Then one day this deep well of awareness reached a boiling point on its own, its currents rising up from the base of my spine, surging through my gut, and flooding my heart where it was finally pumped up into my brain with such force that a series of strangely related, poetic notions spilled out for days with no effort at all. These metaphorical images, which I later collected in an unpublished book, The Black Horse Speaks, evoked a complex, nonverbal reality few of us two-legged creatures ever even notice, let alone master, mostly because we’ve become mesmerized by words. I understood at the most intimate level why Lao-tzu opened his famous Tao Te Ching with the caution, “The Tao that can be described is not the true Tao.” Yet like the elusive Chinese sage, I also felt compelled to give it my best try, no matter how futile it seemed. The phrases that initially poured into my computer were just as vague, paradoxical, and open to interpretation as the ones that dripped from Lao-tzu’s pen more than 2,500 years ago.
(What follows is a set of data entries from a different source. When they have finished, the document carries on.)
text \<open>The witness is \<open>(x w\<^sup>T, u w\<^sup>T)\<close> for a kernel vector \<open>(x, u)\<close> of \<open>R\<^sub>\<Sigma>(\<lambda>)\<close> and a
  left eigenvector \<open>w\<close> of \<open>F\<close>.\<close>

lemma homogeneous_regulator_nontrivial_solution:
  assumes lam: "lam \<in> eig F" and not_inj: "\<not> rosenbrock_injective lam"
  obtains Pi Psi where "Pi \<in> carrier_mat n \<nu>" "Psi \<in> carrier_mat m \<nu>" "Psi \<noteq> 0\<^sub>m m \<nu>"
    "Pi * F = A * Pi + B * Psi" "C * Pi + D * Psi = 0\<^sub>m p \<nu>"
proof -
  obtain x u where x: "x \<in> carrier_vec n" and u: "u \<in> carrier_vec m" "u \<noteq> 0\<^sub>v m"
    and eq1: "A *\<^sub>v x + B *\<^sub>v u = lam \<cdot>\<^sub>v x" and eq2: "C *\<^sub>v x + D *\<^sub>v u = 0\<^sub>v p"
    using rosenbrock_kernel_vector[OF lam not_inj] by blast
  obtain w where w: "w \<in> carrier_vec \<nu>" "w \<noteq> 0\<^sub>v \<nu>" and Fw: "transpose_mat F *\<^sub>v w = lam \<cdot>\<^sub>v w"
    using ex_left_eigenvector[OF F lam] by blast
  have "outer_prod x w * F = outer_prod (lam \<cdot>\<^sub>v x) w"
    using outer_prod_mult_mat[OF x w(1) F] Fw x w by (intro eq_matI) auto
  also have "\<dots> = outer_prod (A *\<^sub>v x) w + outer_prod (B *\<^sub>v u) w"
    unfolding eq1[symmetric] using A B x u w by (intro eq_matI) (auto simp: algebra_simps)
  also have "\<dots> = A * outer_prod x w + B * outer_prod u w"
    using mult_mat_outer_prod[OF A x w(1)] mult_mat_outer_prod[OF B u(1) w(1)] by simp
  finally have "outer_prod x w * F = A * outer_prod x w + B * outer_prod u w" .
  moreover have "C * outer_prod x w + D * outer_prod u w = outer_prod (C *\<^sub>v x + D *\<^sub>v u) w"
    using mult_mat_outer_prod[OF C x w(1)] mult_mat_outer_prod[OF D u(1) w(1)] C D x u w
    by (intro eq_matI) (auto simp: algebra_simps)
  moreover have "outer_prod (0\<^sub>v p) w = 0\<^sub>m p \<nu>" using w by (intro eq_matI) auto
  moreover have "outer_prod u w \<noteq> 0\<^sub>m m \<nu>" by (rule outer_prod_nonzero[OF u(1) w(1) u(2) w(2)])
  ultimately show ?thesis
    using x u(1) w(1) eq2 by (intro that[of "outer_prod x w" "outer_prod u w"]) auto
qed

lemma SSC_p_eqI:
  assumes H: "H \<in> carrier_mat m \<nu>" and X: "X \<in> carrier_mat n \<nu>" "X * F - A * X = B * H"
  shows "SSC_p A B C D F H = C * X + D * H"
proof -
  have "\<exists>!Pi. Pi \<in> carrier_mat n \<nu> \<and> Pi * F - A * Pi = B * H"
    using B H by (intro sylvester_unique_solvable[OF A F disj]) auto
  then have "(THE Pi. Pi \<in> carrier_mat (dim_row A) (dim_row F) \<and> Pi * F - A * Pi = B * H) = X"
    using X A F by (intro the1_equality) auto
  then show ?thesis unfolding SSC_p_def Let_def by simp
qed

lemma SSC_p_sylvester_solution:
  assumes H: "H \<in> carrier_mat m \<nu>"
  obtains X where "X \<in> carrier_mat n \<nu>" "X * F - A * X = B * H"
    "SSC_p A B C D F H = C * X + D * H"
proof -
  have "\<exists>!Pi. Pi \<in> carrier_mat n \<nu> \<and> Pi * F - A * Pi = B * H"
    using B H by (intro sylvester_unique_solvable[OF A F disj]) auto
  then obtain X where "X \<in> carrier_mat n \<nu>" "X * F - A * X = B * H" by blast
  with SSC_p_eqI[OF H] that show ?thesis by blast
qed

lemma SSC_p_carrier: "H \<in> carrier_mat m \<nu> \<Longrightarrow> SSC_p A B C D F H \<in> carrier_mat p \<nu>"
  using C D by (metis SSC_p_sylvester_solution add_carrier_mat mult_carrier_mat)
It was then, not quite so simply, a matter of finding other philosophical, psychological, and scientific theories that resonated with those metaphors. The final step is the words you see here, the act of compressing nonlinear intuitive and somatic experience into the linear thoughts we have come to value so highly, the style of processing and communicating information most people consider the most advanced form of intelligence on earth. It is in many ways similar to translating a multileveled, nuance-infused language like Chinese or Aramaic into English — only worse. Like the proverbial finger pointing to the moon, my only hope is that the following discussion will give those who work and play with horses a sense of direction in experiencing this unique perspective for themselves.

Researchers are trained to value objectivity. Scientists are not supposed to get involved with their subjects or be moved by them. Some people will undoubtedly dismiss anything new I have to say about horses when I admit that my theories are based on actually feeling something, anything, in their presence. Our culture denies the wisdom of the body and the senses, deifying the mind in a vacuum, training us to stand in production lines or sit in cubicles at computers and sublimate our physical and emotional needs in service to the cold, objective logic of consumerism and competition.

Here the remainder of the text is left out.